Judging whether two adjacent curvature mutation points of the continuous long curve meet the following conditions: the length of the connecting line is less than 8mm in a range of 2mm, the distance of the extreme point is less than 4mm in a range of 1mm, and if the distance of the extreme point and the length of the connecting line meet the requirement, whether the product of the distance of the extreme point and the length of the connecting line meets the requirement is judged: and the product is more than or equal to 9, and if the product is satisfied, the two adjacent curvature mutation points are determined to be B-level mutation areas.
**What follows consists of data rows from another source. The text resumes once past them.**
(* Let $q\geq 2$ be an integer and $u_0,r$ positive integers with $\gcd(u_0+r,q)=1$. Define $u_n=u_0+r[n]_q$ for $n\ge1$, where $[n]_q=\frac{q^n-1}{q-1}$. Then for all positive integers $n,m$ with $m\leq\lfloor n/2\rfloor$, \[\mathrm{lcm}(u_m,u_{m+1},\dots,u_n)\geq \gcd(u_0,r)\left(\frac{r}{\gcd(u_0,r)}\right)^{\frac n2+1}q^{\frac{n(n-2)}{4}}.\] *)

theory Defs
  imports Complex_Main
begin

text \<open>The q-integer [n]_q = (q^n - 1)/(q - 1) = 1 + q + ... + q^(n-1) (exact division for q >= 2).\<close>
definition qint :: "nat \<Rightarrow> nat \<Rightarrow> nat" where
  "qint q n = (q ^ n - 1) div (q - 1)"

definition useq :: "nat \<Rightarrow> nat \<Rightarrow> nat \<Rightarrow> nat \<Rightarrow> nat" where
  "useq q u0 r n = u0 + r * qint q n"

end

theory Submission
  imports Defs "HOL-Computational_Algebra.Primes"
begin

(* Write d = gcd u0 r, u0 = d a and r = d b, so that u_k = d v_k with v_k = a + b [k]_q and
   coprime a b. For 1 <= j < k we have v_k - v_j = b q^j [k-j]_q, and v_j is coprime to b
   (because coprime a b) and to q (because v_j = a + b (mod q)); hence gcd v_j v_k divides [k-j]_q.
   Comparing p-adic valuations, this makes prod_{k=h..n} v_k divide
   lcm (v_h, ..., v_n) * prod_{t=1..n-h} [t]_q.  For h = n div 2 the bound v_{h+t} >= b q^h [t]_q
   then gives lcm (u_m, ..., u_n) >= d b^(n-h+1) q^(h-1+h(n-h)), which dominates the claim. *)

lemma card_prime_power_dvd:
  fixes p y :: nat
  assumes "p \<noteq> 1" "y > 0"
  shows "card {e\<in>{1..B}. p ^ e dvd y} = min B (multiplicity p y)"
proof -
  have "y \<noteq> 0" "\<not> is_unit p"
    using assms by simp_all
  then have "p ^ e dvd y \<longleftrightarrow> e \<le> multiplicity p y" for e
    by (rule power_dvd_iff_le_multiplicity)
  then have "{e\<in>{1..B}. p ^ e dvd y} = {1..min B (multiplicity p y)}"
    by (simp add: set_eq_iff)
  then show ?thesis
    by simp
qed
lemma subseq:
  assumes "strict_mono r"
  shows "block_supports (\<lambda>k. y (r k)) (\<lambda>k. c (r k)) (\<lambda>k. d (r k))"
  by unfold_locales (use supported c_le_d d_less_c strict_monoD[OF assms] in auto)

lemma fin_supp_block: "fin_supp (y k)"
proof -
  have "supp_seq (y k) \<subseteq> {c k..d k}" using supported by (auto simp: supp_seq_def)
  then show ?thesis unfolding fin_supp_def by (rule finite_subset) simp
qed

lemma sum_block_within:
  assumes "finite I" "{c k..d k} \<subseteq> I"
  shows "(\<Sum>i\<in>I. y k i) = I_inf (y k)"
proof -
  have "I_inf (y k) = (\<Sum>i\<in>{c k..d k}. y k i)"
    unfolding I_inf_def by (rule suminf_finite) (use supported in force)+
  also have "\<dots> = (\<Sum>i\<in>I. y k i)"
    by (rule sum.mono_neutral_left) (use assms supported in force)+
  finally show ?thesis by simp
qed

lemma sum_block_disjoint: "{c k..d k} \<inter> I = {} \<Longrightarrow> (\<Sum>i\<in>I. y k i) = 0"
  by (rule sum.neutral) (use supported in force)

definition blocks_within :: "nat set \<Rightarrow> nat set" where
  "blocks_within I = {k. {c k..d k} \<subseteq> I}"

definition blocks_straddling :: "nat set \<Rightarrow> nat set" where
  "blocks_straddling I = {k. \<not> {c k..d k} \<subseteq> I \<and> {c k..d k} \<inter> I \<noteq> {}}"
lemma cinner_coboundary:
  fixes u e :: "'v list \<Rightarrow> nat \<Rightarrow> 'a::conjugatable_field"
  assumes X: "finite X" and "Y \<subseteq> X" and u: "u \<in> cochains Y n m"
  shows "cinner X n (coboundary Y n F m u) e = cinner X n u (coboundary_adj Y n F m e)"
proof -
  define Ym where "Ym = {\<sigma>\<in>Y. length \<sigma> = m}"
  define Y1 where "Y1 = {\<tau>\<in>Y. length \<tau> = Suc m}"
  have sub: "Ym \<subseteq> X" "Y1 \<subseteq> X"
    using assms(2) unfolding Ym_def Y1_def by auto
  then have fin: "finite Y1"
    using X finite_subset by blast
  have "coboundary Y n F m u \<tau> = (\<lambda>j. 0)" if "\<tau> \<notin> Y1" for \<tau>
    using that unfolding coboundary_def Y1_def by auto
  then have "cinner X n (coboundary Y n F m u) e
      = (\<Sum>\<tau>\<in>Y1. \<Sum>j<n \<tau>. coboundary Y n F m u \<tau> j * conjugate (e \<tau> j))"
    unfolding cinner_def using X sub by (intro sum.mono_neutral_right) auto
  also have "\<dots> = (\<Sum>\<tau>\<in>Y1. \<Sum>j<n \<tau>. \<Sum>\<sigma>\<in>Ym. \<Sum>i<n \<sigma>.
      u \<sigma> i * (incidence \<sigma> \<tau> * F \<sigma> \<tau> j i) * conjugate (e \<tau> j))"
    by (intro sum.cong refl)
      (auto simp: Y1_def Ym_def coboundary_def sum_distrib_left sum_distrib_right mult_ac)
  also have "\<dots> = (\<Sum>\<sigma>\<in>Ym. \<Sum>i<n \<sigma>. \<Sum>\<tau>\<in>Y1. \<Sum>j<n \<tau>.
      u \<sigma> i * (incidence \<sigma> \<tau> * F \<sigma> \<tau> j i) * conjugate (e \<tau> j))"
    by (rule sum_swap4)
  also have "\<dots> = (\<Sum>\<sigma>\<in>Ym. \<Sum>i<n \<sigma>. u \<sigma> i * conjugate (coboundary_adj Y n F m e \<sigma> i))"
    using fin unfolding coboundary_adj_def Y1_def[symmetric]
    by (intro sum.cong refl)
      (auto simp: Ym_def sum_conjugate conjugate_dist_mul sum_distrib_left mult.assoc)
  also have "\<dots> = cinner X n u (coboundary_adj Y n F m e)"
  proof -
    have "u \<sigma> = (\<lambda>i. 0)" if "\<sigma> \<notin> Ym" for \<sigma>
      using u that unfolding cochains_def Ym_def by auto
    then show ?thesis
      unfolding cinner_def using X sub by (intro sum.mono_neutral_left) auto
  qed
  finally show ?thesis .
qed

lemma cinner_coboundary_adj:
  fixes u e :: "'v list \<Rightarrow> nat \<Rightarrow> 'a::conjugatable_field"
  assumes "finite X" "Y \<subseteq> X" "u \<in> cochains Y n m"
  shows "cinner X n (coboundary_adj Y n F m e) u = cinner X n e (coboundary Y n F m u)"
  using arg_cong[OF cinner_coboundary[OF assms, of F e], of conjugate] by (simp add: conjugate_cinner)

lemma adjoint_at_coboundary:
  fixes e :: "'v list \<Rightarrow> nat \<Rightarrow> 'a::conjugatable_ordered_field"
  assumes "finite X" "Y \<subseteq> X"
  shows "adjoint_at (cinner X n) (cochains Y n m) (coboundary Y n F m) e = coboundary_adj Y n F m e"
  using assms coboundary_adj_in_cochains cinner_coboundary[OF assms]
  by (intro adjoint_at_eqI subspace_cochains cochains_subset_all_cochains) (auto simp: is_adjoint_at_def)

section \<open>The persistent Laplacian and its kernel\<close>

definition persistent_cochains ::
  "'v list set \<Rightarrow> 'v list set \<Rightarrow> ('v list \<Rightarrow> nat) \<Rightarrow> ('v list \<Rightarrow> 'v list \<Rightarrow> nat \<Rightarrow> nat \<Rightarrow> 'a::conjugatable_field)
     \<Rightarrow> nat \<Rightarrow> ('v list \<Rightarrow> nat \<Rightarrow> 'a) set" where
  "persistent_cochains X Xt n F m =
     {e \<in> cochains X n (Suc m). coboundary_adj X n F m e \<in> cochains Xt n m}"

definition persistent_coboundary ::
  "'v list set \<Rightarrow> 'v list set \<Rightarrow> ('v list \<Rightarrow> nat) \<Rightarrow> ('v list \<Rightarrow> 'v list \<Rightarrow> nat \<Rightarrow> nat \<Rightarrow> 'a::conjugatable_field)
     \<Rightarrow> nat \<Rightarrow> ('v list \<Rightarrow> nat \<Rightarrow> 'a) \<Rightarrow> ('v list \<Rightarrow> nat \<Rightarrow> 'a)" where
  "persistent_coboundary X Xt n F m =
     adjoint_at (cinner X n) (persistent_cochains X Xt n F m) (coboundary_adj X n F m)"

lemma subspace_persistent_cochains:
  "cochain.subspace (persistent_cochains X Xt n F m :: (_ \<Rightarrow> _ \<Rightarrow> 'a::conjugatable_field) set)"
proof -
  have "persistent_cochains X Xt n F m
      = cochains X n (Suc m) \<inter> coboundary_adj X n F m -` (cochains Xt n m :: (_ \<Rightarrow> _ \<Rightarrow> 'a) set)"
    unfolding persistent_cochains_def by blast
  then show ?thesis
    by (simp add: cochain.subspace_inter subspace_cochains
        module_hom.subspace_vimage[OF module_hom_coboundary_adj subspace_cochains])
qed

lemma is_adjoint_at_persistent_coboundary:
  fixes x :: "'v list \<Rightarrow> nat \<Rightarrow> 'a::conjugatable_ordered_field"
  assumes "finite X" "Xt \<subseteq> X" "x \<in> cochains Xt n m"
  shows "is_adjoint_at X n (persistent_cochains X Xt n F m) (coboundary_adj X n F m) x
           (persistent_coboundary X Xt n F m x)"
  unfolding persistent_coboundary_def
proof (rule is_adjoint_at_adjoint_at[OF assms(1) subspace_persistent_cochains])
  show "persistent_cochains X Xt n F m \<subseteq> all_cochains X n"
    unfolding persistent_cochains_def using cochains_subset_all_cochains[of X X] by blast
  have "x \<in> cochains X n m"
    using assms(2,3) cochains_mono by blast
  then show "\<forall>w\<in>persistent_cochains X Xt n F m.
      cinner X n (coboundary_adj X n F m w) x = cinner X n w (coboundary X n F m x)"
    using cinner_coboundary_adj[OF assms(1) subset_refl] by blast
qed

lemma persistent_sheaf_laplacian_eq:
  fixes x :: "'v list \<Rightarrow> nat \<Rightarrow> 'a::conjugatable_ordered_field"
  assumes X: "finite X" and Xt: "Xt \<subseteq> X" and x: "x \<in> cochains Xt n (Suc q)"
  shows "persistent_sheaf_laplacian X Xt n F q x
    = coboundary_adj X n F (Suc q) (persistent_coboundary X Xt n F (Suc q) x)
      + coboundary Xt n F q (coboundary_adj Xt n F q x)"
proof -
  let ?C = "persistent_cochains X Xt n F (Suc q)" and ?eth = "persistent_coboundary X Xt n F (Suc q)"
  have "adjoint_at (cinner X n) (cochains Xt n (Suc q)) ?eth (?eth x)
      = coboundary_adj X n F (Suc q) (?eth x)"
  proof (rule adjoint_at_eqI[OF X subspace_cochains cochains_subset_all_cochains[OF Xt]])
    have "?eth u \<in> ?C \<and> (\<forall>w\<in>?C. cinner X n (coboundary_adj X n F (Suc q) w) u = cinner X n w (?eth u))"
      if "u \<in> cochains Xt n (Suc q)" for u
      using is_adjoint_at_persistent_coboundary[OF X Xt that] unfolding is_adjoint_at_def .
    with x show "is_adjoint_at X n (cochains Xt n (Suc q)) ?eth (?eth x) (coboundary_adj X n F (Suc q) (?eth x))"
      unfolding is_adjoint_at_def persistent_cochains_def
      by (metis (no_types, lifting) conjugate_cinner mem_Collect_eq)
  qed
  moreover have "adjoint_at (cinner X n) (cochains X n (Suc q)) (coboundary X n F (Suc q))
      = coboundary_adj X n F (Suc q)"
    using adjoint_at_coboundary[OF X subset_refl] by blast
  moreover have "adjoint_at (cinner X n) (cochains Xt n q) (coboundary Xt n F q) = coboundary_adj Xt n F q"
    using adjoint_at_coboundary[OF X Xt] by blast
  ultimately show ?thesis
    unfolding persistent_sheaf_laplacian_def Let_def persistent_coboundary_def persistent_cochains_def
    by simp
qed

lemma persistent_sheaf_laplacian_eq_0_iff:
  fixes x :: "'v list \<Rightarrow> nat \<Rightarrow> 'a::conjugatable_ordered_field"
  assumes X: "finite X" and Xt: "Xt \<subseteq> X" and x: "x \<in> cochains Xt n (Suc q)"
  shows "persistent_sheaf_laplacian X Xt n F q x = 0
    \<longleftrightarrow> (\<forall>w\<in>persistent_cochains X Xt n F (Suc q). cinner X n (coboundary_adj X n F (Suc q) w) x = 0)
      \<and> (\<forall>u\<in>cochains Xt n q. cinner X n (coboundary Xt n F q u) x = 0)"
proof -
  define y where "y = persistent_coboundary X Xt n F (Suc q) x"
  define z where "z = coboundary_adj Xt n F q x"
  have y: "is_adjoint_at X n (persistent_cochains X Xt n F (Suc q)) (coboundary_adj X n F (Suc q)) x y"
    unfolding y_def by (rule is_adjoint_at_persistent_coboundary[OF X Xt x])
  have z: "is_adjoint_at X n (cochains Xt n q) (coboundary Xt n F q) x z"
    unfolding z_def is_adjoint_at_def using cinner_coboundary[OF X Xt] coboundary_adj_in_cochains by blast
  have Cy: "persistent_cochains X Xt n F (Suc q) \<subseteq> all_cochains X n" and Cz: "cochains Xt n q \<subseteq> all_cochains X n"
    using cochains_subset_all_cochains[of X X] cochains_subset_all_cochains[OF Xt]
    unfolding persistent_cochains_def by blast+
  have "persistent_sheaf_laplacian X Xt n F q x = 0 \<longleftrightarrow> y = 0 \<and> z = 0"
  proof
    assume "persistent_sheaf_laplacian X Xt n F q x = 0"
    moreover have "cinner X n (coboundary_adj X n F (Suc q) y) x = cinner X n y y"
      "cinner X n (coboundary Xt n F q z) x = cinner X n z z"
      using y z unfolding is_adjoint_at_def by blast+
    ultimately have "cinner X n y y + cinner X n z z = 0"
      unfolding persistent_sheaf_laplacian_eq[OF X Xt x] y_def[symmetric] z_def[symmetric]
      by (metis cinner_add_left cinner_zero_left)
    then show "y = 0 \<and> z = 0"
      using y z Cy Cz cinner_self_eq_0_iff[OF X] cinner_self_nonneg add_nonneg_eq_0_iff
      unfolding is_adjoint_at_def by (metis subsetD)
  qed (simp add: persistent_sheaf_laplacian_eq[OF X Xt x] y_def[symmetric] z_def[symmetric]
         module_hom.zero[OF module_hom_coboundary] module_hom.zero[OF module_hom_coboundary_adj])
  then show ?thesis
    using is_adjoint_at_eq_0_iff[OF X Cy y] is_adjoint_at_eq_0_iff[OF X Cz z] by simp
qed

lemma persistent_sheaf_laplacian_kernel:
  fixes X :: "'v list set" and F :: "_ \<Rightarrow> _ \<Rightarrow> _ \<Rightarrow> _ \<Rightarrow> 'a::conjugatable_ordered_field"
  assumes "finite X" "Xt \<subseteq> X"
  shows "{x \<in> cochains Xt n (Suc q). persistent_sheaf_laplacian X Xt n F q x = 0}
    = orth_compl X n
        (orth_compl X n (cochains Xt n (Suc q))
           (coboundary_adj X n F (Suc q) ` persistent_cochains X Xt n F (Suc q)))
        (coboundary Xt n F q ` cochains Xt n q)"
  using persistent_sheaf_laplacian_eq_0_iff[OF assms] unfolding orth_compl_def by auto

section \<open>The image of cohomology under the projection\<close>

text \<open>The part of \<open>d\<^sup>* r\<close> outside Xt vanishes on Xt, so by hypothesis it is orthogonal to
  \<open>d\<^sup>* r\<close>, hence to itself.\<close>

lemma persistent_cochainsI:
  fixes r :: "'v list \<Rightarrow> nat \<Rightarrow> 'a::conjugatable_ordered_field"
  assumes X: "finite X" and Xt: "Xt \<subseteq> X" and r: "r \<in> cochains X n (Suc m)"
    and r_orth: "\<forall>y\<in>cochains X n m. proj_sub Xt y = 0 \<longrightarrow> cinner X n (coboundary X n F m y) r = 0"
  shows "r \<in> persistent_cochains X Xt n F m"
proof -
  define g where "g = coboundary_adj X n F m r"
  define h where "h = g - proj_sub Xt g"
  have g: "g \<in> cochains X n m"
    unfolding g_def by (rule coboundary_adj_in_cochains)
  moreover have "proj_sub Xt g \<in> cochains X n m"
    using proj_sub_in_cochains[OF g] cochains_mono[OF Xt] by blast
  ultimately have "h \<in> cochains X n m"
    unfolding h_def by (rule cochain.subspace_diff[OF subspace_cochains])
  moreover have "proj_sub Xt h = 0"
    unfolding h_def by (simp add: proj_sub_def fun_eq_iff)
  ultimately have h: "h \<in> cochains X n m" "proj_sub Xt h = 0"
    by blast+
  have "cinner X n h h = cinner X n h g - cinner X n (proj_sub Xt h) g"
    unfolding h_def by (simp add: cinner_diff_right cinner_proj_sub)
  also have "\<dots> = 0"
    using h r_orth cinner_coboundary[OF X subset_refl h(1), of F r] unfolding g_def by simp
  finally have "h = 0"
    using h(1) cinner_self_eq_0_iff[OF X] cochains_subset_all_cochains[of X X] by blast
  then have "g \<in> cochains Xt n m"
    using proj_sub_in_cochains[OF g, of Xt] unfolding h_def by simp
  with r show ?thesis
    unfolding persistent_cochains_def g_def by blast
qed
lemma divides_generator_pow:
  assumes p: "p \<in> carrier R" "P = PIdl p" and d: "d \<in> carrier R" "d \<noteq> \<zero>"
  shows "\<exists>n::nat. d divides p [^] n"
proof (cases "d \<in> Units R")
  case True
  then have "d divides p [^] (0::nat)"
    by (simp add: unit_divides)
  then show ?thesis ..
next
  case False
  then obtain fs where fs: "set fs \<subseteq> carrier (mult_of R)" "wfactors (mult_of R) fs d"
    using factorization_property[of d] d by blast
  have "\<forall>f\<in>set fs. f \<in> carrier R \<and> f divides p"
  proof
    fix f assume "f \<in> set fs"
    then have "f \<in> carrier R - {\<zero>}" "irreducible (mult_of R) f"
      using fs unfolding wfactors_def by auto
    then show "f \<in> carrier R \<and> f divides p"
      using irreducible_divides_generator[OF p] ring_irreducibleI' by blast
  qed
  then have dvd: "foldr (\<otimes>) fs \<one> divides p [^] length fs"
    using prod_divides_pow p by blast
  have "foldr (\<otimes>\<^bsub>mult_of R\<^esub>) fs \<one>\<^bsub>mult_of R\<^esub> \<sim>\<^bsub>mult_of R\<^esub> d"
    using fs unfolding wfactors_def by blast
  moreover have "foldr (\<otimes>) fs \<one> \<in> carrier R"
    using fs(1) by (induction fs) auto
  ultimately have "foldr (\<otimes>) fs \<one> \<sim> d"
    using assoc_iff_assoc_mult d(1) by (metis mult_mult_of one_mult_of)
  then show ?thesis
    using dvd divides_trans d unfolding associated_def by blast
qed

lemma generator_pow_mem:
  assumes p: "p \<in> carrier R" "P = PIdl p" and K: "ideal K R" "K \<noteq> {\<zero>}"
  shows "\<exists>n::nat. p [^] n \<in> K"
proof -
  obtain d where d: "d \<in> carrier R" "K = PIdl d"
    using exists_gen[OF K(1)] by blast
  then have "d \<noteq> \<zero>"
    using K cgenideal_eq_genideal genideal_zero by auto
  then obtain n :: nat where "d divides p [^] n"
    using divides_generator_pow[OF p d(1)] by blast
  then have "p [^] n \<in> PIdl d"
    using to_contain_is_to_divide d p by (meson cgenideal_self nat_pow_closed subsetD)
  then show ?thesis
    using d by blast
qed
9. A method of detecting faulty molding of a wound filament according to claim 8, wherein determining a sudden change in each of said collected images based on the condition of a sudden change region in said collected image comprises:

determining the mutation condition corresponding to the acquired image according to the conditions of the A-level mutation region and the B-level mutation region in any acquired image;

the abrupt change condition is that the collected image is an A-level degraded picture, the collected image is a B-level degraded picture or the collected image has no abrupt change.

10. A method of detecting defective molding of a wound filament according to claim 9, wherein determining whether or not the wound filament has defective molding based on a sudden change in the plurality of collected images comprises:

determining whether the packaged filament has poor forming defects according to the number of the collected pictures corresponding to different mutation conditions;

and if the packaged filament has poor forming defects, determining the poor forming grade of the packaged filament.

Technical Field

The invention relates to the technical field of surface detection of packaged filaments, in particular to a method for detecting poor forming defects of the packaged filaments.

Background

The coiled filament is a coiled product with a certain shape and capacity which is made by a winding mechanism in the production process of the filament. The defects of the wound filament are mainly divided into two parts of physical and chemical property defects of the filament and appearance defects of the wound filament. It has been found through practice that appearance defects in the wound filaments have a significant impact on the quality of the fabric, resulting in a reduction in fabric yield. Therefore, in the production process, the detection of appearance defects of the wound filaments is intensified.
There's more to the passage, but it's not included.